(* Let $\delta\in\{1,-1\}$. Let $\alpha,\beta,\gamma\in\mathbb{Z}[i]$ satisfy $\alpha^2+(1+\delta i)\beta^2+\gamma^2=0$, $\alpha\beta\gamma\neq0$, $\gcd(\alpha,\beta)\in U$. Then, after multiplying $\alpha,\beta,\gamma$ by suitable units and possibly interchanging the first and third coordinates, one obtains $(X,Y,Z)$ with $X^2+(1+\delta i)Y^2=Z^2$, $X,Z\in O^I$, $Y=(1+i)^{2+a_1}p_2^{a_2}\cdots p_m^{a_m}$ (integers $a_j\ge0$, $p_j$ distinct Gaussian primes in $O^I$), $\gcd(X,Y)\in U$, $XYZ\ne0$. Conversely, if $(X,Y,Z)$ satisfies $X^2+(1+\delta i)Y^2=Z^2$, $\gcd(X,Y)\in U$, $XYZ\neq 0$, then $(X,Y,iZ)$ is a solution of $X^2+(1+\delta i)Y^2+Z^2=0$ with the same conditions.
   Context: $\mathbb{Z}[i]$ is the ring of Gaussian integers, $U=\{1,-1,i,-i\}$ its unit group; $R(\alpha),I(\alpha)$ are real and imaginary parts. $\gcd(x,y)\in U$ means no common non-unit divisor. $O=\{\alpha: R(\alpha)+I(\alpha)\equiv1\pmod 2\}$, $O^I=\{\alpha\in O: R(\alpha)\equiv 1\pmod 4\}$. *)

theory Defs
  imports Complex_Main
begin

definition gint :: "complex set" where
  "gint = {z. Re z \<in> \<int> \<and> Im z \<in> \<int>}"

definition gdvd :: "complex \<Rightarrow> complex \<Rightarrow> bool" where
  "gdvd a b \<longleftrightarrow> (\<exists>c\<in>gint. b = a * c)"

definition gunits :: "complex set" where
  "gunits = {1, -1, \<i>, -\<i>}"

text \<open>gcd(x,y) in U: no common non-unit divisor in Z[i].\<close>
definition gcoprime :: "complex \<Rightarrow> complex \<Rightarrow> bool" where
  "gcoprime x y \<longleftrightarrow> (\<forall>d\<in>gint. gdvd d x \<and> gdvd d y \<longrightarrow> d \<in> gunits)"

definition gprime :: "complex \<Rightarrow> bool" where
  "gprime p \<longleftrightarrow> p \<in> gint \<and> p \<noteq> 0 \<and> p \<notin> gunits \<and>
     (\<forall>a\<in>gint. \<forall>b\<in>gint. gdvd p (a * b) \<longrightarrow> gdvd p a \<or> gdvd p b)"

definition gO :: "complex set" where
  "gO = {z \<in> gint. odd (\<lfloor>Re z\<rfloor> + \<lfloor>Im z\<rfloor>)}"

definition gOI :: "complex set" where
  "gOI = {z \<in> gO. \<lfloor>Re z\<rfloor> mod 4 = 1}"

end

theory Submission
  imports Defs
begin

text \<open>
  Write \<open>\<alpha> = a + bi\<close>, \<open>\<beta> = c + di\<close>, \<open>\<gamma> = e + fi\<close>. Comparing real and imaginary parts of
  \<open>\<alpha>\<^sup>2 + (1 + \<delta>i)\<beta>\<^sup>2 + \<gamma>\<^sup>2 = 0\<close> modulo 2 and 4, and using that \<open>\<alpha>, \<beta>\<close> are not both divisible
  by \<open>1 + i\<close>, forces \<open>c, d\<close> even and makes one of \<open>\<alpha>, \<gamma>\<close> have odd real and even imaginary
  part and the other the reverse. Hence \<open>\<beta> = 2\<beta>'\<close>, and \<open>\<beta>\<close> is a unit times \<open>(1 + i)\<^sup>2\<^sup>+\<^sup>a w\<close>
  with \<open>w\<close> primary (in \<open>O\<^sup>I\<close>). Multiplying the equation by the square of the inverse unit and
  choosing signs puts the coordinate with odd real part into \<open>O\<^sup>I\<close> as \<open>X\<close> and \<open>i\<close> times the other
  one into \<open>O\<^sup>I\<close> as \<open>Z\<close>. Finally \<open>w\<close> is a product of primary primes: every Gaussian prime
  not dividing \<open>1 + i\<close> has exactly one associate in \<open>O\<^sup>I\<close>, and \<open>O\<^sup>I\<close> is closed under products.
  The converse is just \<open>(iZ)\<^sup>2 = -Z\<^sup>2\<close>.
\<close>

section \<open>Gaussian integers, units, norm and divisibility\<close>

lemma gint_Complex [simp]: "Complex (of_int a) (of_int b) \<in> gint"
  by (simp add: gint_def)

lemma gint_cases:
  assumes "z \<in> gint"
  obtains a b :: int where "z = Complex (of_int a) (of_int b)"
proof -
  from assms obtain a b where "Re z = of_int a" "Im z = of_int b"
    unfolding gint_def by (auto elim!: Ints_cases)
  then show ?thesis using that by (metis complex_surj)
qed

lemma gint_add [simp, intro]: "x \<in> gint \<Longrightarrow> y \<in> gint \<Longrightarrow> x + y \<in> gint"
  and gint_diff [simp, intro]: "x \<in> gint \<Longrightarrow> y \<in> gint \<Longrightarrow> x - y \<in> gint"
  and gint_minus [simp, intro]: "x \<in> gint \<Longrightarrow> - x \<in> gint"
  and gint_mult [simp, intro]: "x \<in> gint \<Longrightarrow> y \<in> gint \<Longrightarrow> x * y \<in> gint"
  by (simp_all add: gint_def)

lemma gint_0 [simp]: "0 \<in> gint"
  and gint_1 [simp]: "1 \<in> gint"
  and gint_i [simp]: "\<i> \<in> gint"
  and gint_of_int [simp]: "of_int n \<in> gint"
  by (simp_all add: gint_def)

lemma gint_power [simp, intro]: "x \<in> gint \<Longrightarrow> x ^ n \<in> gint"
  by (induction n) auto

lemma gunits_gint: "u \<in> gunits \<Longrightarrow> u \<in> gint"
  and gunits_nonzero: "u \<in> gunits \<Longrightarrow> u \<noteq> 0"
  by (auto simp: gunits_def)

lemma gunits_inverse:
  assumes "u \<in> gunits"
  obtains v where "v \<in> gunits" "u * v = 1"
proof -
  have "u = 1 \<or> u = -1 \<or> u = \<i> \<or> u = -\<i>"
    using assms by (simp add: gunits_def)
  then show ?thesis
    using that[of 1] that[of "-1"] that[of "-\<i>"] that[of "\<i>"] by (auto simp: gunits_def)
qed

definition gnorm :: "complex \<Rightarrow> nat" where
  "gnorm z = nat (\<lfloor>Re z\<rfloor>\<^sup>2 + \<lfloor>Im z\<rfloor>\<^sup>2)"

lemma gnorm_Complex [simp]: "gnorm (Complex (of_int a) (of_int b)) = nat (a\<^sup>2 + b\<^sup>2)"
  by (simp add: gnorm_def)

lemma of_nat_gnorm:
  assumes "z \<in> gint"
  shows "real (gnorm z) = (cmod z)\<^sup>2"
proof -
  obtain a b where z: "z = Complex (of_int a) (of_int b)"
    using assms by (rule gint_cases)
  have "(0::int) \<le> a\<^sup>2 + b\<^sup>2" by simp
  then show ?thesis
    unfolding z cmod_power2 by (simp del: of_int_power add: of_int_power[symmetric])
qed

lemma gnorm_mult:
  assumes "x \<in> gint" "y \<in> gint"
  shows "gnorm (x * y) = gnorm x * gnorm y"
proof -
  have "real (gnorm (x * y)) = real (gnorm x * gnorm y)"
    using assms by (simp add: of_nat_gnorm norm_mult power_mult_distrib)
  then show ?thesis
    by (simp only: of_nat_eq_iff)
qed

lemma gnorm_eq_0_iff:
  assumes "z \<in> gint"
  shows "gnorm z = 0 \<longleftrightarrow> z = 0"
proof -
  have "real (gnorm z) = 0 \<longleftrightarrow> z = 0"
    using assms by (simp add: of_nat_gnorm)
  then show ?thesis
    by simp
qed

lemma gnorm_eq_1_iff:
  assumes "z \<in> gint"
  shows "gnorm z = 1 \<longleftrightarrow> z \<in> gunits"
proof -
  obtain a b where z: "z = Complex (of_int a) (of_int b)"
    using assms by (rule gint_cases)
  have "a\<^sup>2 + b\<^sup>2 = 1 \<longleftrightarrow> (a, b) \<in> {(1, 0), (-1, 0), (0, 1), (0, -1)}"
  proof
    assume sum: "a\<^sup>2 + b\<^sup>2 = 1"
    then have "a\<^sup>2 \<le> 1" "b\<^sup>2 \<le> 1"
      by (smt (verit) zero_le_power2)+
    then have "\<bar>a\<bar> \<le> 1" "\<bar>b\<bar> \<le> 1"
      by (simp_all add: abs_square_le_1)
    then have "a \<in> {-1, 0, 1}" "b \<in> {-1, 0, 1}" by auto
    then show "(a, b) \<in> {(1, 0), (-1, 0), (0, 1), (0, -1)}" using sum by auto
  qed auto
  moreover have "z \<in> gunits \<longleftrightarrow> (a, b) \<in> {(1, 0), (-1, 0), (0, 1), (0, -1)}"
    unfolding z gunits_def by (auto simp: complex_eq_iff)
  ultimately show ?thesis
    using z by (simp add: nat_eq_iff)
qed

lemma gnorm_gunits: "u \<in> gunits \<Longrightarrow> gnorm u = 1"
  using gnorm_eq_1_iff gunits_gint by blast

lemma gnorm_one_plus_i: "gnorm (1 + \<i>) = 2"
  by (simp add: gnorm_def)

lemma one_plus_i_nonzero: "1 + \<i> \<noteq> 0"
  by (simp add: complex_eq_iff)

lemma one_plus_i_not_gunit: "1 + \<i> \<notin> gunits"
  using gnorm_gunits gnorm_one_plus_i by fastforce

lemma gnorm_less_mult:
  assumes "p \<in> gint" "c \<in> gint" "p \<noteq> 0" "p \<notin> gunits" "c \<noteq> 0"
  shows "gnorm c < gnorm (p * c)"
proof -
  have "gnorm p \<noteq> 0" "gnorm p \<noteq> 1" "gnorm c \<noteq> 0"
    using assms gnorm_eq_0_iff gnorm_eq_1_iff by auto
  then have "gnorm p > 1" "gnorm c > 0"
    by auto
  then have "gnorm c * 1 < gnorm c * gnorm p"
    by (intro mult_strict_left_mono)
  then show ?thesis
    using gnorm_mult[OF assms(1,2)] by (simp add: mult.commute)
qed

lemma gdvd_refl [simp]: "gdvd a a"
  unfolding gdvd_def by (auto intro: bexI[of _ 1])

lemma gdvd_trans: "gdvd a b \<Longrightarrow> gdvd b c \<Longrightarrow> gdvd a c"
  unfolding gdvd_def by (metis gint_mult mult.assoc)

lemma gdvd_mult2: "gdvd a b \<Longrightarrow> c \<in> gint \<Longrightarrow> gdvd a (b * c)"
  unfolding gdvd_def by (metis gint_mult mult.assoc)

lemma gdvd_mult: "gdvd a b \<Longrightarrow> c \<in> gint \<Longrightarrow> gdvd a (c * b)"
  by (metis gdvd_mult2 mult.commute)

lemma gdvd_triv_left: "c \<in> gint \<Longrightarrow> gdvd a (a * c)"
  unfolding gdvd_def by blast

lemma gdvd_add: "gdvd a b \<Longrightarrow> gdvd a c \<Longrightarrow> gdvd a (b + c)"
  unfolding gdvd_def by (metis distrib_left gint_add)

lemma gdvd_diff: "gdvd a b \<Longrightarrow> gdvd a c \<Longrightarrow> gdvd a (b - c)"
  unfolding gdvd_def by (metis right_diff_distrib gint_diff)

lemma gdvd_unit_mult_cancel:
  assumes "u \<in> gunits" "gdvd a (u * b)"
  shows "gdvd a b"
proof -
  obtain v where "v \<in> gunits" "u * v = 1"
    using assms(1) by (rule gunits_inverse)
  then show ?thesis
    using gdvd_mult2[OF assms(2), of v] gunits_gint by (simp add: algebra_simps)
qed

lemma gdvd_unit_mult_left:
  assumes "u \<in> gunits" "gdvd a b"
  shows "gdvd (u * a) b"
proof -
  obtain v where v: "v \<in> gunits" "u * v = 1"
    using assms(1) by (rule gunits_inverse)
  obtain c where c: "c \<in> gint" "b = a * c"
    using assms(2) gdvd_def by blast
  have "b = (u * a) * (v * c)"
    using c v(2) by (simp add: algebra_simps)
  then show ?thesis
    unfolding gdvd_def using c(1) v(1) gunits_gint by blast
qed

lemma gcoprime_mult_units:
  assumes "gcoprime x y" "u \<in> gunits" "v \<in> gunits"
  shows "gcoprime (u * x) (v * y)"
  unfolding gcoprime_def
proof (intro ballI impI)
  fix d
  assume "d \<in> gint" "gdvd d (u * x) \<and> gdvd d (v * y)"
  then have "gdvd d x" "gdvd d y"
    using gdvd_unit_mult_cancel assms(2,3) by blast+
  then show "d \<in> gunits"
    using assms(1) \<open>d \<in> gint\<close> unfolding gcoprime_def by blast
qed

section \<open>Gaussian primes\<close>

lemma gint_division:
  assumes "a \<in> gint" "b \<in> gint" "b \<noteq> 0"
  obtains q where "q \<in> gint" "gnorm (a - q * b) < gnorm b"
proof -
  define z where "z = a / b"
  define q where "q = Complex (of_int (round (Re z))) (of_int (round (Im z)))"
  have round_sq: "(x - of_int (round x))\<^sup>2 \<le> 1 / 4" for x :: real
  proof -
    have "\<bar>x - of_int (round x)\<bar> \<le> 1 / 2"
      using of_int_round_ge[of x] of_int_round_le[of x] by linarith
    then have "\<bar>x - of_int (round x)\<bar> * \<bar>x - of_int (round x)\<bar> \<le> 1 / 2 * (1 / 2)"
      by (intro mult_mono) auto
    then show ?thesis by (simp add: power2_eq_square)
  qed
  have "q \<in> gint"
    by (simp add: q_def)
  have close: "(cmod (z - q))\<^sup>2 \<le> 1 / 2"
    unfolding cmod_power2 q_def using round_sq[of "Re z"] round_sq[of "Im z"] by simp
  moreover have "real (gnorm (a - q * b)) = (cmod (z - q))\<^sup>2 * (cmod b)\<^sup>2"
  proof -
    have "a - q * b = (z - q) * b"
      using assms(3) by (simp add: z_def algebra_simps)
    moreover have "real (gnorm (a - q * b)) = (cmod (a - q * b))\<^sup>2"
      using assms \<open>q \<in> gint\<close> by (simp add: of_nat_gnorm)
    ultimately show ?thesis
      by (simp add: norm_mult power_mult_distrib)
  qed
  ultimately have "real (gnorm (a - q * b)) \<le> 1 / 2 * (cmod b)\<^sup>2"
    using mult_right_mono[OF close, of "(cmod b)\<^sup>2"] by simp
  also have "\<dots> < real (gnorm b)"
    using assms by (simp add: of_nat_gnorm)
  finally show ?thesis
    using that \<open>q \<in> gint\<close> by simp
qed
▬▬▬▬▬▬▬▬▬▬
What you should do:
Look in the material above for the line with "x y \<longleftrightarrow>" and the line with "p \<notin> gunits \<and>", and transcribe exactly those lines and all lines between them, nothing more.

Exercise solution:
  "gcoprime x y \<longleftrightarrow> (\<forall>d\<in>gint. gdvd d x \<and> gdvd d y \<longrightarrow> d \<in> gunits)"

definition gprime :: "complex \<Rightarrow> bool" where
  "gprime p \<longleftrightarrow> p \<in> gint \<and> p \<noteq> 0 \<and> p \<notin> gunits \<and>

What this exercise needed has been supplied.